## BERT overview

This notebook shows how to feed text data into a pre-trained BERT model.

In [1]:
from typing import (
    Tuple,
    List
)

import numpy as np

import torch

from transformers import (
    BertModel,
    BertTokenizer
)

## Load BERT model

In [2]:
# There is a huge list of pre-trained models in https://huggingface.co/models
# You can also pre-train yours and upload it!
pretrained_model_name = 'bert-base-cased'
tokenizer = BertTokenizer.from_pretrained(pretrained_model_name)

## Sentence example

In [3]:
sample_text = 'The black dog is sleeping on the couch'
sample_token_ids = tokenizer.encode(sample_text, add_special_tokens=True)

In [4]:
sample_token_ids

[101, 1109, 1602, 3676, 1110, 5575, 1113, 1103, 5943, 102]

What if we truncate the sentence?

In [5]:
tokenizer.encode(sample_text,
                 truncation=True,
                 max_length=5,
                 add_special_tokens=True)

[101, 1109, 1602, 3676, 102]

What if the expected sentence length is longer?

In [6]:
tokenizer.encode(sample_text,
                 truncation=True,
                 max_length=15,
                 padding='max_length',
                 add_special_tokens=True)

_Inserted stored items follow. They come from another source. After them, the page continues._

(* Let $0<\gamma<1$, $1<\alpha<2$, $\lambda\ge0$, $\rho>0$, $\eta\in\mathbb{R}$, $J=\sqrt{-1}$, $p=\rho+J\eta$, $K>0$, $b>0$, $T>0$, $U:[0,b]\to[0,\infty)$, $\widetilde{\lambda}_i=\lambda+pU(x_i)$. Let $G(x,p,t)$ be the exact solution of the time-tempered fractional Feynman–Kac problem described in the context. For integers $M\ge2$, $N\ge1$, $h=b/M$, $\tau>0$ with $N\tau\le T$, $x_i=ih$, $t_n=n\tau$, let $G_{i,p}^n$ be computed by the scheme $$\frac{1}{\tau^\gamma}\sum_{k=0}^{n}l_k^{(2)}e^{-J\eta U(x_i)k\tau}G_{i,p}^{n-k}-\kappa\frac{1}{h^\alpha}\sum_{j=0}^{M}w_{i,j}^\alpha G_{j,p}^n=\frac{1}{\tau^\gamma}\sum_{k=0}^{n}l_k^{2,\gamma}e^{-\widetilde{\lambda}_i n\tau}G_{i,p}^0+f(x_i,p,t_n)$$ for $1\le i\le M-1$, $1\le n\le N$, with $G_{i,p}^0=G(x_i,p,0)$ and $G_{0,p}^n=G_{M,p}^n=0$. Assume the local truncation error $r_i^n$ (the residual obtained by substituting $G(x_j,p,t_m)$ for $G_{j,p}^m$ in the scheme, moved to the right-hand side) satisfies $|r_i^n|\le C_G(\tau^2+h^2)$ for all $i,n$, with $C_G>0$ independent of $\tau,h$. Let $\varepsilon_i^n=G(x_i,p,t_n)-G_{i,p}^n$. Then $$\tau\sum_{n=1}^{N}\|\varepsilon^n\|\le\frac{C_G|\Gamma(1-\alpha)|\,b^{\alpha+\frac12}T}{2\kappa}(\tau^2+h^2).$$
   Context: The problem: for $x\in(0,b)$, $t\in(0,T]$, $${}_C^SD_t^{\gamma,\widetilde{\lambda}}G(x,p,t)=K\nabla_x^\alpha G(x,p,t)+f(x,p,t),\quad G(x,p,0)=G_0(x,p),\quad G(x,p,t)=0\ \text{for } x\notin(0,b),$$ where $\widetilde{\lambda}=\lambda+pU(x)$, ${}_C^SD_t^{\gamma,\widetilde{\lambda}}G=D_t^{\gamma,\widetilde{\lambda}}\left[G-e^{-\widetilde{\lambda}t}G(x,p,0)\right]-\lambda^\gamma G$ with $D_t^{\gamma,\widetilde{\lambda}}G=\frac{1}{\Gamma(1-\gamma)}\left[\partial_t+\widetilde{\lambda}\right]\int_0^t(t-z)^{-\gamma}e^{-\widetilde{\lambda}(t-z)}G(x,p,z)\,dz$, and $\nabla_x^\alpha=-\kappa_\alpha({}_0D_x^\alpha+{}_xD_b^\alpha)$ is the Riesz derivative built from the left/right Riemann–Liouville derivatives of order $\alpha$. Notation: $\kappa_\alpha=\frac{1}{2\cos(\alpha\pi/2)}$, $\kappa=-K\kappa_\alpha>0$. $g_k^\beta=(-1)^k\binom{\beta}{k}$. $l_k^{2,\gamma}$ are defined by $\left((1-\zeta)+\tfrac12(1-\zeta)^2\right)^{\gamma}=\sum_k l_k^{2,\gamma}\zeta^k$. $l_0^{(2)}=l_0^{2,\gamma}-\left(\sum_{l=1}^{2}\frac1l(1-e^{-\lambda\tau})^l\right)^{\gamma}$ and $l_k^{(2)}=e^{-(\lambda+\rho U(x_i))k\tau}l_k^{2,\gamma}$ for $k\ge1$. $w_0^\alpha=\frac{\alpha}{2}g_0^\alpha$, $w_k^\alpha=\frac{\alpha}{2}g_k^\alpha+\frac{2-\alpha}{2}g_{k-1}^\alpha$ ($k\ge1$); $w_{i,j}^\alpha=w^\alpha_{i-j+1}$ if $j<i-1$, $w_0^\alpha+w_2^\alpha$ if $j=i\pm1$, $2w_1^\alpha$ if $j=i$, $w^\alpha_{j-i+1}$ if $j>i+1$. $\|\varepsilon^n\|^2=h\sum_{i=1}^{M-1}|\varepsilon_i^n|^2$. *)

theory Defs
  imports "HOL-Analysis.Analysis"
begin

definition g_coef :: "real \<Rightarrow> nat \<Rightarrow> real" where
  "g_coef \<beta> k = (-1) ^ k * (\<beta> gchoose k)"

definition w_coef :: "real \<Rightarrow> nat \<Rightarrow> real" where
  "w_coef \<alpha> k = (if k = 0 then \<alpha> / 2 * g_coef \<alpha> 0
                   else \<alpha> / 2 * g_coef \<alpha> k + (2 - \<alpha>) / 2 * g_coef \<alpha> (k - 1))"

definition w_mat :: "real \<Rightarrow> nat \<Rightarrow> nat \<Rightarrow> real" where
  "w_mat \<alpha> i j =
     (if j + 1 < i then w_coef \<alpha> (i - j + 1)
      else if j = i + 1 \<or> i = j + 1 then w_coef \<alpha> 0 + w_coef \<alpha> 2
      else if j = i then 2 * w_coef \<alpha> 1
      else w_coef \<alpha> (j - i + 1))"

definition l2_coef :: "real \<Rightarrow> nat \<Rightarrow> real" where
  "l2_coef \<gamma> k =
     (deriv ^^ k) (\<lambda>z. ((1 - z) + (1 - z) ^ 2 / 2) powr \<gamma>) 0 / fact k"

definition kappa_alpha :: "real \<Rightarrow> real" where
  "kappa_alpha \<alpha> = 1 / (2 * cos (\<alpha> * pi / 2))"

definition kappa :: "real \<Rightarrow> real \<Rightarrow> real" where
  "kappa K \<alpha> = - K * kappa_alpha \<alpha>"

definition grid_x :: "real \<Rightarrow> nat \<Rightarrow> nat \<Rightarrow> real" where
  "grid_x b M i = real i * (b / real M)"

[101, 1109, 1602, 3676, 1110, 5575, 1113, 1103, 5943, 102, 0, 0, 0, 0, 0]

## Feeding data into BERT

We will visualize what BERT outputs.

Let's first load the model.

In [7]:
device = 'cuda' if torch.cuda.is_available() else 'cpu'
model = BertModel.from_pretrained(pretrained_model_name,
                                  output_hidden_states=True).to(device)

In [8]:
tokens_tensor = torch.tensor(sample_token_ids).unsqueeze(0).to(device)
last_hidden_state, pooled, hidden_states = model(tokens_tensor)

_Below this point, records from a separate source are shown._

(* Let $A$ be an integral domain with field of fractions $K$, let $\mathcal P$ be a set of prime ideals of $A$, and let $B=\bigcap_{P\in\mathcal P}A_P$. The following are equivalent: (1) $B$ is a localization of $A$; (2) for every $x\in K\setminus A$ with $(A:_A x)\subseteq\bigcup_{P\in\mathcal P}P$, there is $P\in\mathcal P$ with $(A:_A x)\subseteq P$. Moreover, if each principal ideal of $A$ has only finitely many associated primes, then these are also equivalent to: (3) if $Q$ is an associated prime of a principal ideal of $A$ with $Q\subseteq\bigcup_{P\in\mathcal P}P$, then $Q\subseteq P$ for some $P\in\mathcal P$.
   Context: $(A:_A x)=\{a\in A: ax\in A\}$. An overring $B$ of $A$ is a localization of $A$ if $B=S^{-1}A$ for a multiplicatively closed set $S$ of nonzero elements of $A$. A prime $P$ of $A$ is an associated prime of an ideal $I$ if there is $a\in A$ such that $P$ is a minimal prime over $(I:_A a)=\{r\in A: ra\in I\}$. *)

theory Defs
  imports "HOL-Computational_Algebra.Fraction_Field"
begin

text \<open>The integral domain A is a type of class idom; its field of fractions K is the type 'a fract.
  A is embedded into K via emb.\<close>

definition emb :: "'a::idom \<Rightarrow> 'a fract" where
  "emb a = Fract a 1"

definition Aset :: "'a::idom fract set" where
  "Aset = range emb"

definition is_ideal :: "'a::idom set \<Rightarrow> bool" where
  "is_ideal I \<longleftrightarrow> 0 \<in> I \<and> (\<forall>a\<in>I. \<forall>b\<in>I. a + b \<in> I) \<and> (\<forall>a\<in>I. \<forall>r. r * a \<in> I)"

definition is_prime_ideal :: "'a::idom set \<Rightarrow> bool" where
  "is_prime_ideal P \<longleftrightarrow> is_ideal P \<and> P \<noteq> UNIV \<and> (\<forall>a b. a * b \<in> P \<longrightarrow> a \<in> P \<or> b \<in> P)"

definition principal_ideal :: "'a::idom \<Rightarrow> 'a set" where
  "principal_ideal c = {c * r | r. True}"

definition loc_at_prime :: "'a::idom set \<Rightarrow> 'a fract set" where
  "loc_at_prime P = {Fract a s | a s. s \<notin> P}"

definition mult_closed :: "'a::idom set \<Rightarrow> bool" where
  "mult_closed S \<longleftrightarrow> 1 \<in> S \<and> (\<forall>s\<in>S. \<forall>t\<in>S. s * t \<in> S)"

definition loc_set :: "'a::idom set \<Rightarrow> 'a fract set" where
  "loc_set S = {Fract a s | a s. s \<in> S}"

definition is_localization :: "'a::idom fract set \<Rightarrow> bool" where
  "is_localization B \<longleftrightarrow> (\<exists>S. mult_closed S \<and> 0 \<notin> S \<and> B = loc_set S)"

definition conductor :: "'a::idom fract \<Rightarrow> 'a set" where
  "conductor x = {a. emb a * x \<in> Aset}"

definition colon :: "'a::idom set \<Rightarrow> 'a \<Rightarrow> 'a set" where
  "colon I a = {r. r * a \<in> I}"

definition minimal_prime_over :: "'a::idom set \<Rightarrow> 'a set \<Rightarrow> bool" where
  "minimal_prime_over P J \<longleftrightarrow> is_prime_ideal P \<and> J \<subseteq> P \<and>
     (\<forall>Q. is_prime_ideal Q \<and> J \<subseteq> Q \<and> Q \<subseteq> P \<longrightarrow> Q = P)"

definition associated_prime :: "'a::idom set \<Rightarrow> 'a set \<Rightarrow> bool" where
  "associated_prime P I \<longleftrightarrow> (\<exists>a. minimal_prime_over P (colon I a))"

end

theory Submission
  imports Defs
begin

text \<open>
  The conductor (A :_A x) decides membership in localizations: x \<in> A_P iff the conductor is
  not contained in P, and x \<in> S^{-1}A iff the conductor meets S. Hence B is the localization at
  S = A - \<Union>\<P> exactly when (2) holds; and if B = T^{-1}A at all, every t \<in> T is a unit of B, so
  T avoids \<Union>\<P> and (2) follows.

  Writing x = a/c, the conductor is (cA :_A a), whose minimal primes are associated primes of
  cA. Assume these are finitely many. For (3) \<Longrightarrow> (2): if no minimal prime of the conductor lies
  in \<Union>\<P>, a product of witnesses lies in all of them but in no P, and some power of it lies in
  the conductor. For (2) \<Longrightarrow> (3): multiplying a by a suitable t \<notin> Q makes every minimal prime of
  (cA :_A at) contain Q; applying (2) to at/c gives P \<in> \<P> above such a minimal prime.
\<close>

lemma ideal_zero: "is_ideal I \<Longrightarrow> 0 \<in> I"
  by (simp add: is_ideal_def)

lemma ideal_add: "is_ideal I \<Longrightarrow> a \<in> I \<Longrightarrow> b \<in> I \<Longrightarrow> a + b \<in> I"
  by (simp add: is_ideal_def)

lemma ideal_mult_left: "is_ideal I \<Longrightarrow> a \<in> I \<Longrightarrow> r * a \<in> I"
  by (simp add: is_ideal_def)

lemma ideal_mult_right: "is_ideal I \<Longrightarrow> a \<in> I \<Longrightarrow> a * r \<in> I"
  by (metis ideal_mult_left mult.commute)

lemma prime_ideal_is_ideal: "is_prime_ideal P \<Longrightarrow> is_ideal P"
  by (simp add: is_prime_ideal_def)

lemma one_not_mem_prime_ideal:
  assumes "is_prime_ideal P"
  shows "1 \<notin> P"
proof
  assume "1 \<in> P"
  then have "r \<in> P" for r
    using ideal_mult_right[OF prime_ideal_is_ideal[OF assms], of 1 r] by simp
  with assms show False
    by (auto simp: is_prime_ideal_def)
qed

lemma prime_ideal_mult_iff: "is_prime_ideal P \<Longrightarrow> a * b \<in> P \<longleftrightarrow> a \<in> P \<or> b \<in> P"
  by (auto simp: is_prime_ideal_def intro: ideal_mult_left ideal_mult_right)

lemma prime_ideal_power_imp_mem:
  assumes "is_prime_ideal P" "a ^ m \<in> P"
  shows "a \<in> P"
  using assms(2)
  by (induction m) (auto simp: one_not_mem_prime_ideal[OF assms(1)] prime_ideal_mult_iff[OF assms(1)])

lemma zero_ideal_is_prime: "is_prime_ideal {0::'a::idom}"
  by (auto simp: is_prime_ideal_def is_ideal_def) (metis UNIV_I singletonD zero_neq_one)

lemma colon_is_ideal: "is_ideal I \<Longrightarrow> is_ideal (colon I a)"
  unfolding is_ideal_def colon_def by (auto simp: distrib_right mult.assoc)

lemma principal_ideal_is_ideal: "is_ideal (principal_ideal c)"
  unfolding is_ideal_def principal_ideal_def
proof (intro conjI ballI allI)
  show "0 \<in> {c * r |r. True}"
    by (metis (mono_tags) mult_zero_right mem_Collect_eq)
next
  fix a b assume "a \<in> {c * r |r. True}" "b \<in> {c * r |r. True}"
  then show "a + b \<in> {c * r |r. True}"
    by (auto simp flip: distrib_left)
next
  fix a r assume "a \<in> {c * r |r. True}"
  then show "r * a \<in> {c * r |r. True}"
    by (auto simp: mult.left_commute)
qed

lemma colon_colon: "colon (colon I a) t = colon I (a * t)"
  by (simp add: colon_def ac_simps)

lemma colon_subset_prime_ideal: "is_prime_ideal Q \<Longrightarrow> I \<subseteq> Q \<Longrightarrow> t \<notin> Q \<Longrightarrow> colon I t \<subseteq> Q"
  by (auto simp: colon_def prime_ideal_mult_iff)

lemma ideal_Union_chain:
  assumes "\<C> \<noteq> {}" "\<forall>X\<in>\<C>. \<forall>Y\<in>\<C>. X \<subseteq> Y \<or> Y \<subseteq> X" "\<forall>X\<in>\<C>. is_ideal X"
  shows "is_ideal (\<Union>\<C>)"
  unfolding is_ideal_def
proof (intro conjI ballI allI)
  show "0 \<in> \<Union>\<C>"
    using assms(1,3) ideal_zero by blast
next
  fix a b assume "a \<in> \<Union>\<C>" "b \<in> \<Union>\<C>"
  then obtain X Y where "X \<in> \<C>" "Y \<in> \<C>" "a \<in> X" "b \<in> Y"
    by blast
  with assms(2,3) show "a + b \<in> \<Union>\<C>"
    by (metis UnionI ideal_add subsetD)
next
  fix a r assume "a \<in> \<Union>\<C>"
  with assms(3) show "r * a \<in> \<Union>\<C>"
    using ideal_mult_left by blast
qed

lemma prime_ideal_Inter_chain:
  assumes "\<C> \<noteq> {}" "\<forall>X\<in>\<C>. \<forall>Y\<in>\<C>. X \<subseteq> Y \<or> Y \<subseteq> X" "\<forall>X\<in>\<C>. is_prime_ideal X"
  shows "is_prime_ideal (\<Inter>\<C>)"
  unfolding is_prime_ideal_def
proof (intro conjI allI impI)
  have "\<forall>X\<in>\<C>. is_ideal X"
    using assms(3) prime_ideal_is_ideal by blast
  then show "is_ideal (\<Inter>\<C>)"
    by (auto simp: is_ideal_def)
  show "\<Inter>\<C> \<noteq> UNIV"
    using assms(1,3) one_not_mem_prime_ideal by blast
next
  fix a b assume ab: "a * b \<in> \<Inter>\<C>"
  show "a \<in> \<Inter>\<C> \<or> b \<in> \<Inter>\<C>"
  proof (rule ccontr)
    assume "\<not> ?thesis"
    then obtain X Y where "X \<in> \<C>" "Y \<in> \<C>" "a \<notin> X" "b \<notin> Y"
      by blast
    with assms(2,3) ab show False
      by (metis InterE prime_ideal_mult_iff subsetD)
  qed
qed

lemma ideal_adjoin:
  assumes "is_ideal M"
  shows "is_ideal {m + r * x | m r. m \<in> M}"
  unfolding is_ideal_def
proof (intro conjI ballI allI)
  show "0 \<in> {m + r * x | m r. m \<in> M}"
    using ideal_zero[OF assms] by (metis (mono_tags, lifting) add_0 mem_Collect_eq mult_zero_left)
next
  fix p q assume "p \<in> {m + r * x | m r. m \<in> M}" "q \<in> {m + r * x | m r. m \<in> M}"
  then obtain m1 r1 m2 r2 where "p = m1 + r1 * x" "q = m2 + r2 * x" "m1 \<in> M" "m2 \<in> M"
    by blast
  then have "p + q = (m1 + m2) + (r1 + r2) * x" "m1 + m2 \<in> M"
    using ideal_add[OF assms] by (auto simp: algebra_simps)
  then show "p + q \<in> {m + r * x | m r. m \<in> M}"
    by blast
next
  fix p s assume "p \<in> {m + r * x | m r. m \<in> M}"
  then obtain m r where "p = m + r * x" "m \<in> M"
    by blast
  then have "s * p = s * m + (s * r) * x" "s * m \<in> M"
    using ideal_mult_left[OF assms] by (auto simp: algebra_simps)
  then show "s * p \<in> {m + r * x | m r. m \<in> M}"
    by blast
qed

lemma prime_ideal_disjoint_mult_closed:
  assumes I: "is_ideal I" and T: "mult_closed T" and disj: "I \<inter> T = {}"
  obtains P where "is_prime_ideal P" "I \<subseteq> P" "P \<inter> T = {}"
proof -
  define \<A> where "\<A> = {J. is_ideal J \<and> I \<subseteq> J \<and> J \<inter> T = {}}"
  have "\<exists>M\<in>\<A>. \<forall>X\<in>\<A>. M \<subseteq> X \<longrightarrow> X = M"
  proof (rule subset_Zorn_nonempty)
    show "\<A> \<noteq> {}"
      using I disj by (auto simp: \<A>_def)
  next
    fix \<C> assume "\<C> \<noteq> {}" "subset.chain \<A> \<C>"
    then show "\<Union>\<C> \<in> \<A>"
      using ideal_Union_chain[of \<C>] by (auto simp: \<A>_def subset_chain_def)
  qed
  then obtain M where "M \<in> \<A>" and M_max: "\<And>X. X \<in> \<A> \<Longrightarrow> M \<subseteq> X \<Longrightarrow> X = M"
    by blast
  then have M: "is_ideal M" "I \<subseteq> M" "M \<inter> T = {}"
    by (auto simp: \<A>_def)
  have escape: "\<exists>m\<in>M. \<exists>r. m + r * x \<in> T" if "x \<notin> M" for x
  proof (rule ccontr)
    assume "\<not> ?thesis"
    then have "{m + r * x | m r. m \<in> M} \<in> \<A>"
      using ideal_adjoin[OF M(1)] M(2) unfolding \<A>_def by (force intro: exI[of _ 0])
    moreover have "M \<subseteq> {m + r * x | m r. m \<in> M}"
      by (force intro: exI[of _ 0])
    moreover have "x \<in> {m + r * x | m r. m \<in> M}"
      using ideal_zero[OF M(1)] by (force intro: exI[of _ 1])
    ultimately show False
      using M_max that by blast
  qed
  have "is_prime_ideal M"
    unfolding is_prime_ideal_def
  proof (intro conjI allI impI)
    show "is_ideal M" "M \<noteq> UNIV"
      using M T by (auto simp: mult_closed_def)
  next
    fix a b assume ab: "a * b \<in> M"
    show "a \<in> M \<or> b \<in> M"
    proof (rule ccontr)
      assume "\<not> ?thesis"
      then obtain m1 r1 m2 r2 where
        m: "m1 \<in> M" "m2 \<in> M" and T12: "m1 + r1 * a \<in> T" "m2 + r2 * b \<in> T"
        using escape by meson
      have "(m1 + r1 * a) * (m2 + r2 * b) = m1 * (m2 + r2 * b) + m2 * (r1 * a) + (r1 * r2) * (a * b)"
        by (simp add: algebra_simps)
      also have "\<dots> \<in> M"
        using m ab ideal_add[OF M(1)] ideal_mult_left[OF M(1)] ideal_mult_right[OF M(1)] by metis
      finally show False
        using T12 T M(3) by (auto simp: mult_closed_def)
    qed
  qed
  with M that show thesis
    by blast
qed

lemma exists_minimal_prime_below:
  assumes "is_prime_ideal P" "J \<subseteq> P"
  obtains Q where "minimal_prime_over Q J" "Q \<subseteq> P"
proof -
  define \<S> where "\<S> = {Q. is_prime_ideal Q \<and> J \<subseteq> Q \<and> Q \<subseteq> P}"
  \<comment> \<open>Zorn's lemma for reverse inclusion, applied to the complements\<close>
  have "\<exists>M\<in>uminus ` \<S>. \<forall>X\<in>uminus ` \<S>. M \<subseteq> X \<longrightarrow> X = M"
  proof (rule subset_Zorn_nonempty)
    show "uminus ` \<S> \<noteq> {}"
      using assms by (auto simp: \<S>_def)
  next
    fix \<C> assume "\<C> \<noteq> {}" "subset.chain (uminus ` \<S>) \<C>"
    then have ne: "uminus ` \<C> \<noteq> {}" and sub: "uminus ` \<C> \<subseteq> \<S>"
      and "\<forall>X\<in>uminus ` \<C>. \<forall>Y\<in>uminus ` \<C>. X \<subseteq> Y \<or> Y \<subseteq> X"
      by (auto simp: subset_chain_def)
    then have "is_prime_ideal (\<Inter>(uminus ` \<C>))"
      using prime_ideal_Inter_chain[of "uminus ` \<C>"] by (auto simp: \<S>_def)
    moreover have "J \<subseteq> \<Inter>(uminus ` \<C>)" "\<Inter>(uminus ` \<C>) \<subseteq> P"
      using ne sub by (auto simp: \<S>_def)
    ultimately have "\<Inter>(uminus ` \<C>) \<in> \<S>"
      by (simp add: \<S>_def)
    moreover have "\<Union>\<C> = - \<Inter>(uminus ` \<C>)"
      by auto
    ultimately show "\<Union>\<C> \<in> uminus ` \<S>"
      by blast
  qed
  then obtain Q where Q: "Q \<in> \<S>" and max: "\<forall>X\<in>uminus ` \<S>. - Q \<subseteq> X \<longrightarrow> X = - Q"
    by blast
  have Q_min: "Q' = Q" if "Q' \<in> \<S>" "Q' \<subseteq> Q" for Q'
    using max that by (metis Compl_subset_Compl_iff compl_eq_compl_iff imageI)
  have "minimal_prime_over Q J"
    using Q Q_min unfolding minimal_prime_over_def \<S>_def by blast
  with Q that show thesis
    by (auto simp: \<S>_def)
qed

We get, for each layer, a token-level representation.

In [9]:
print(last_hidden_state)
print(hidden_states[-1])

tensor([[[ 0.1536,  0.0562,  0.1367,  ..., -0.0989,  0.3940,  0.1002],
         [-0.4726, -0.1651,  0.1575,  ...,  0.6513,  0.1141,  0.5288],
         [-0.0889, -0.3289, -0.1701,  ...,  0.6400,  0.1992,  0.5205],
         ...,
         [-0.1692, -0.4604,  0.2934,  ...,  0.1403,  0.2538,  0.3727],
         [ 0.3087, -0.3969, -0.0714,  ..., -0.3647,  0.7529, -0.1209],
         [ 0.9193,  0.1145,  0.0871,  ..., -0.0265,  0.4273,  0.0366]]],
       grad_fn=<NativeLayerNormBackward>)
tensor([[[ 0.1536,  0.0562,  0.1367,  ..., -0.0989,  0.3940,  0.1002],
         [-0.4726, -0.1651,  0.1575,  ...,  0.6513,  0.1141,  0.5288],
         [-0.0889, -0.3289, -0.1701,  ...,  0.6400,  0.1992,  0.5205],
         ...,
         [-0.1692, -0.4604,  0.2934,  ...,  0.1403,  0.2538,  0.3727],
         [ 0.3087, -0.3969, -0.0714,  ..., -0.3647,  0.7529, -0.1209],
         [ 0.9193,  0.1145,  0.0871,  ..., -0.0265,  0.4273,  0.0366]]],
       grad_fn=<NativeLayerNormBackward>)


In [10]:
print(len(hidden_states))  # 12 layers + embedding

13


In [11]:
print(hidden_states[5].shape)  # N x N_tokens # H

torch.Size([1, 10, 768])


In [12]:
# Last layer hidden-state of the first token of the sequence (classification token)
# further processed by a Linear layer and a Tanh activation function. 
print(pooled[0, :10])

tensor([-0.7002,  0.4506,  0.9999, -0.9920,  0.9600,  0.8650,  0.9825, -0.9862,
        -0.9753, -0.5934], grad_fn=<SliceBackward>)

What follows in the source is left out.